Table 1. Ownership and agency questionnaire applied to each condition.

2.5 Statistical Analysis

The score questionnaire was calculated for each category (ownership, ownership control, agency, agency control) of three items by averaging each of the three item scores. The average of each category score was used further statistical analysis. Thus, there are (3 feedback conditions) × (4 categories) × (3 questions) per each participant, and the mean and variance of 40 participants were calculated in 12 conditions [=3 feedback × 4 questionnaires (mean of three questions)] for the statistical analysis.

To assess the effect of modality condition and gender, there were used as factors in a mixed-design two-way ANOVA. The condition was the within subject factor, and gender was the between subject factor. All p-values in multiple comparisons were Holm-corrected.

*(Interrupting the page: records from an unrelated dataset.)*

lemma finite_perm_cycle_of:
  assumes n: "0 < n" and x: "(f ^^ n) x = x"
  shows "finite_perm f (cycle_of f x)"
proof -
  have mult: "(f ^^ (m * n)) x = x" for m
    by (induct m) (simp_all add: funpow_add_apply x)
  have "cycle_of f x \<subseteq> (\<lambda>k. (f ^^ k) x) ` {..<n}"
  proof
    fix y assume "y \<in> cycle_of f x"
    then obtain k where k: "y = (f ^^ k) x" unfolding cycle_of_def by blast
    have "(f ^^ (k div n * n + k mod n)) x = (f ^^ (k mod n)) ((f ^^ (k div n * n)) x)"
      by (rule funpow_add_apply)
    then have "y = (f ^^ (k mod n)) x" unfolding div_mult_mod_eq mult k .
    moreover have "k mod n \<in> {..<n}" using n by simp
    ultimately show "y \<in> (\<lambda>k. (f ^^ k) x) ` {..<n}" by (rule image_eqI)
  qed
  then have finite: "finite (cycle_of f x)" by (rule finite_subset) simp
  have "cycle_of f x \<subseteq> f ` cycle_of f x"
  proof
    fix y assume "y \<in> cycle_of f x"
    then obtain k where k: "y = (f ^^ k) x" unfolding cycle_of_def by blast
    have "(f ^^ (n + k)) x = (f ^^ k) x" using funpow_add_apply[where f=f and m=n and n=k and x=x] x by simp
    moreover have "n + k = Suc (n + k - 1)" using n by simp
    ultimately have "(f ^^ Suc (n + k - 1)) x = y" using k by metis
    then have "y = f ((f ^^ (n + k - 1)) x)" by simp
    then show "y \<in> f ` cycle_of f x" by (rule image_eqI[OF _ funpow_in_cycle_of])
  qed
  moreover have "f ` cycle_of f x \<subseteq> cycle_of f x" by (rule image_subsetI) (rule cycle_of_step)
  ultimately have image: "f ` cycle_of f x = cycle_of f x" by (rule equalityI[rotated])
  then have "inj_on f (cycle_of f x)" using finite by (simp add: eq_card_imp_inj_on)
  with image finite show ?thesis unfolding finite_perm_def bij_betw_def by blast
qed

lemma finite_perm_comp: "finite_perm f S \<Longrightarrow> bij_betw g S S \<Longrightarrow> finite_perm (f \<circ> g) S"
  unfolding finite_perm_def using bij_betw_trans by blast

section \<open>A genus inequality for pairs of permutations\<close>

lemma num_cycles_split:
  assumes "finite S"
  shows "num_cycles f S = card {X \<in> cycle_of f ` S. a \<notin> X \<and> b \<notin> X}
                          + card {X \<in> cycle_of f ` S. a \<in> X \<or> b \<in> X}"
proof -
  let ?A = "{X \<in> cycle_of f ` S. a \<notin> X \<and> b \<notin> X}" and ?B = "{X \<in> cycle_of f ` S. a \<in> X \<or> b \<in> X}"
  have "num_cycles f S = card (?A \<union> ?B)"
    unfolding num_cycles_def by (rule arg_cong[where f=card]) blast
  also have "\<dots> = card ?A + card ?B" by (rule card_Un_disjoint) (use assms in auto)
  finally show ?thesis .
qed

lemma cycles_avoiding_cong:
  assumes "\<And>y. y \<notin> {a, b} \<Longrightarrow> g y = f y"
  shows "{X \<in> cycle_of g ` S. a \<notin> X \<and> b \<notin> X} = {X \<in> cycle_of f ` S. a \<notin> X \<and> b \<notin> X}"
proof -
  have fg: "cycle_of g x = cycle_of f x" if "a \<notin> cycle_of f x" "b \<notin> cycle_of f x" for x
    by (rule cycle_of_cong[where B="{a, b}"]) (use assms that in auto)
  have gf: "cycle_of f x = cycle_of g x" if "a \<notin> cycle_of g x" "b \<notin> cycle_of g x" for x
    by (rule cycle_of_cong[where B="{a, b}"]) (use assms that in auto)
  show ?thesis
  proof (intro equalityI subsetI)
    fix X assume "X \<in> {X \<in> cycle_of g ` S. a \<notin> X \<and> b \<notin> X}"
    then obtain x where "x \<in> S" "X = cycle_of g x" "a \<notin> X" "b \<notin> X" by blast
    then show "X \<in> {X \<in> cycle_of f ` S. a \<notin> X \<and> b \<notin> X}" using gf[of x] by auto
  next
    fix X assume "X \<in> {X \<in> cycle_of f ` S. a \<notin> X \<and> b \<notin> X}"
    then obtain x where "x \<in> S" "X = cycle_of f x" "a \<notin> X" "b \<notin> X" by blast
    then show "X \<in> {X \<in> cycle_of g ` S. a \<notin> X \<and> b \<notin> X}" using fg[of x] by auto
  qed
qed

context finite_perm
begin

lemma num_cycles_eq:
  assumes "a \<in> S" "b \<in> S"
  shows "num_cycles f S = card {X \<in> cycle_of f ` S. a \<notin> X \<and> b \<notin> X} + card {cycle_of f a, cycle_of f b}"
proof -
  have "{X \<in> cycle_of f ` S. a \<in> X \<or> b \<in> X} = {cycle_of f a, cycle_of f b}"
  proof (intro equalityI subsetI)
    fix X assume "X \<in> {X \<in> cycle_of f ` S. a \<in> X \<or> b \<in> X}"
    then obtain x where "x \<in> S" "X = cycle_of f x" "a \<in> X \<or> b \<in> X" by blast
    then show "X \<in> {cycle_of f a, cycle_of f b}" using cycle_of_eq by blast
  qed (use assms in auto)
  then show ?thesis using num_cycles_split[OF finite, of f a b] by simp
qed

lemma transpose_joins_cycles:
  assumes a: "a \<in> S" and b: "b \<in> S" and nb: "b \<notin> cycle_of f a"
  shows "b \<in> cycle_of (f \<circ> transpose a b) a"
proof -
  define g where "g = f \<circ> transpose a b"
  have g: "g x = f (transpose a b x)" for x unfolding g_def by simp
  have na: "a \<notin> cycle_of f b" using cycle_of_sym[OF b, of a] nb by blast
  have "(g ^^ Suc m) a = (f ^^ Suc m) b" if "m < period f b" for m
    using that
  proof (induct m)
    case (Suc m)
    have "(f ^^ Suc m) b \<noteq> a" using na funpow_in_cycle_of[where f=f and k="Suc m" and x=b] by metis
    moreover have "(f ^^ Suc m) b \<noteq> b" using funpow_less_period[of "Suc m" b] Suc.prems by simp
    ultimately show ?case using Suc by (simp add: g)
  qed (simp add: g)
  from this[of "period f b - 1"] have "(g ^^ period f b) a = b"
    using period_pos[OF b] funpow_period[OF b] by simp
  then show ?thesis unfolding g_def by (metis funpow_in_cycle_of)
qed

lemma num_cycles_comp_transpose_le:
  assumes "a \<in> S" "b \<in> S"
  shows "num_cycles (f \<circ> transpose a b) S \<le> num_cycles f S + 1"
proof -
  interpret g: finite_perm "f \<circ> transpose a b" S
    using finite_perm_comp[OF finite_perm_axioms] assms by simp
  have "card {cycle_of (f \<circ> transpose a b) a, cycle_of (f \<circ> transpose a b) b} \<le> 2"
    by (simp add: card_insert_le_m1)
  moreover have "1 \<le> card {cycle_of f a, cycle_of f b}"
    by (cases "cycle_of f a = cycle_of f b") auto
  moreover have "{X \<in> cycle_of (f \<circ> transpose a b) ` S. a \<notin> X \<and> b \<notin> X} = {X \<in> cycle_of f ` S. a \<notin> X \<and> b \<notin> X}"
    by (rule cycles_avoiding_cong) simp
  ultimately show ?thesis using num_cycles_eq[OF assms] g.num_cycles_eq[OF assms] by simp
qed

lemma num_cycles_comp_transpose_merge:
  assumes "a \<in> S" "b \<in> S" "b \<notin> cycle_of f a"
  shows "num_cycles (f \<circ> transpose a b) S + 1 \<le> num_cycles f S"
proof -
  let ?g = "f \<circ> transpose a b"
  interpret g: finite_perm ?g S
    using finite_perm_comp[OF finite_perm_axioms] assms by simp
  have "cycle_of ?g b = cycle_of ?g a"
    using g.cycle_of_eq[OF assms(1) transpose_joins_cycles[OF assms]] .
  then have "card {cycle_of ?g a, cycle_of ?g b} = 1" by simp
  moreover have "cycle_of f a \<noteq> cycle_of f b" using assms(3) cycle_of_self[of b f] by metis
  then have "card {cycle_of f a, cycle_of f b} = 2" by simp
  moreover have "{X \<in> cycle_of ?g ` S. a \<notin> X \<and> b \<notin> X} = {X \<in> cycle_of f ` S. a \<notin> X \<and> b \<notin> X}"
    by (rule cycles_avoiding_cong) simp
  ultimately show ?thesis using num_cycles_eq[OF assms(1,2)] g.num_cycles_eq[OF assms(1,2)] by simp
qed

end

definition component_rel :: "('a \<Rightarrow> 'a) \<Rightarrow> ('a \<Rightarrow> 'a) \<Rightarrow> 'a set \<Rightarrow> 'a rel" where
  "component_rel s t S =
     ({(x, s x) | x. x \<in> S} \<union> {(x, t x) | x. x \<in> S} \<union> {(s x, x) | x. x \<in> S} \<union> {(t x, x) | x. x \<in> S})\<^sup>*"

lemma component_rel_refl [simp]: "(x, x) \<in> component_rel s t S"
  unfolding component_rel_def by simp

lemma component_rel_sym: "(x, y) \<in> component_rel s t S \<Longrightarrow> (y, x) \<in> component_rel s t S"
proof -
  have "sym ({(x, s x) | x. x \<in> S} \<union> {(x, t x) | x. x \<in> S} \<union> {(s x, x) | x. x \<in> S} \<union> {(t x, x) | x. x \<in> S})"
    unfolding sym_def by blast
  then have "sym (component_rel s t S)" unfolding component_rel_def by (rule sym_rtrancl)
  then show "(x, y) \<in> component_rel s t S \<Longrightarrow> (y, x) \<in> component_rel s t S"
    by (rule symD)
qed

lemma component_rel_trans:
  "(x, y) \<in> component_rel s t S \<Longrightarrow> (y, z) \<in> component_rel s t S \<Longrightarrow> (x, z) \<in> component_rel s t S"
  unfolding component_rel_def by simp

lemma component_rel_Image_eq:
  assumes "(x, y) \<in> component_rel s t S"
  shows "component_rel s t S `` {x} = component_rel s t S `` {y}"
proof (intro equalityI subsetI)
  fix z assume "z \<in> component_rel s t S `` {x}"
  then show "z \<in> component_rel s t S `` {y}"
    using component_rel_trans[OF component_rel_sym[OF assms]] by simp
next
  fix z assume "z \<in> component_rel s t S `` {y}"
  then show "z \<in> component_rel s t S `` {x}" using component_rel_trans[OF assms] by simp
qed

lemma component_rel_first: "x \<in> S \<Longrightarrow> (x, s x) \<in> component_rel s t S"
  unfolding component_rel_def by (rule r_into_rtrancl) blast

lemma component_rel_second: "x \<in> S \<Longrightarrow> (x, t x) \<in> component_rel s t S"
  unfolding component_rel_def by (rule r_into_rtrancl) blast

lemma component_rel_funpow_comp:
  assumes t: "\<And>y. y \<in> S \<Longrightarrow> t y \<in> S" and s: "\<And>y. y \<in> S \<Longrightarrow> s y \<in> S" and "x \<in> S"
  shows "(x, ((s \<circ> t) ^^ k) x) \<in> component_rel s t S \<and> ((s \<circ> t) ^^ k) x \<in> S"
proof (induct k)
  case (Suc k)
  let ?y = "((s \<circ> t) ^^ k) x"
  have y: "(x, ?y) \<in> component_rel s t S" "?y \<in> S" using Suc by blast+
  have "(x, t ?y) \<in> component_rel s t S"
    using component_rel_trans[OF y(1) component_rel_second[OF y(2)]] .
  then have "(x, s (t ?y)) \<in> component_rel s t S"
    using component_rel_trans[OF _ component_rel_first[OF t[OF y(2)]]] by blast
  moreover have "((s \<circ> t) ^^ Suc k) x = s (t ?y)" by (simp only: funpow.simps(2) comp_apply)
  ultimately show ?case using s[OF t[OF y(2)]] by (simp only:)
qed (simp add: assms(3))

lemma quotient_eq_image: "S // r = (\<lambda>x. r `` {x}) ` S"
  unfolding quotient_def by auto

lemma card_quotient_mono:
  assumes "finite S" and "R \<subseteq> T" and "\<And>x. (x, x) \<in> R" and "trans T"
  shows "card (S // T) \<le> card (S // R)"
proof -
  have "T `` (R `` {x}) = T `` {x}" for x
    using assms(2-4) unfolding trans_def by blast
  then have "S // T = (\<lambda>X. T `` X) ` (S // R)"
    unfolding quotient_eq_image image_image by simp
  then show ?thesis using assms(1) by (simp add: card_image_le quotient_eq_image)
qed

definition merge_rel :: "'a rel \<Rightarrow> 'a \<Rightarrow> 'a \<Rightarrow> 'a rel" where
  "merge_rel R a b = R \<union> {(x, y). ((x, a) \<in> R \<and> (b, y) \<in> R) \<or> ((x, b) \<in> R \<and> (a, y) \<in> R)}"

lemma trans_merge_rel: "sym R \<Longrightarrow> trans R \<Longrightarrow> trans (merge_rel R a b)"
  unfolding merge_rel_def trans_def sym_def by blast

To confirm the order effect, we conducted an analysis of variance with order as a factor. The results showed that the order effect was not significant for any of the categories (ownership: F (2, 78) = 1.90, p = .156, η2 = .018; ownership control: F (2, 78) = .421, p = .668, η2 = .003; agency: F (2, 78) = 1.06, p = .350, η2 = .002; agency control: F (2, 78) = .34, p = .672, η2 = .004).

3 Results

3.1 Ownership

Male participants in the visuo-motor-tactile condition affirmed experiencing ownership for the virtual body (the average of category score = 1.23) while affirming the score of ownership (the average of category score ≧ 1), but male participants in the visuo-tactile or visuo-motor condition or female participants in all conditions did not (visuo-tactile condition in male participants: mean = 0.58, visuo-motor condition in male participants: mean = 0.75, visuo-tactile condition in female participants: mean = -0.33, visuo-motor condition in female participants: mean = 0.58, visuo-motor-tactile condition in female participants: mean = 0.15) (Fig. 6).

Repeated-measures ANOVA revealed significant main effects of condition and gender (condition: F (2, 76) = 7.31, p = .008, η2 = .06; gender: F (1, 38) = 7.82, p = .001, η2 = .11). Therefore, multiple comparisons were conducted for each condition. The ownership scores in the visuo-motor and visuo-motor-tactile conditions were significantly larger than those in the visuo-tactile condition (visuo-motor condition vs visuo-tactile condition; t (19) = 2.67, p = .002, visuo-motor-tactile condition vs visuo-tactile condition; t (19) = 3.30, p = .012), and there was no significant difference between the visuo-motor and visuo-motor-tactile conditions (t (38) = .22, p = .83). An interaction was also revealed (F (2, 76) = 4.25, p = .02, η2 = .03). Post-hoc multiple comparisons on male participants revealed that the visuo-motor-tactile condition score was larger than the visuo-tactile and visuo-motor condition scores (visuo-motor-tactile condition vs visuo-tactile condition: t (19) = 3.82, p = .03; visuo-motor-tactile condition vs visuo-motor condition: t (19) = 3.00, p = .014).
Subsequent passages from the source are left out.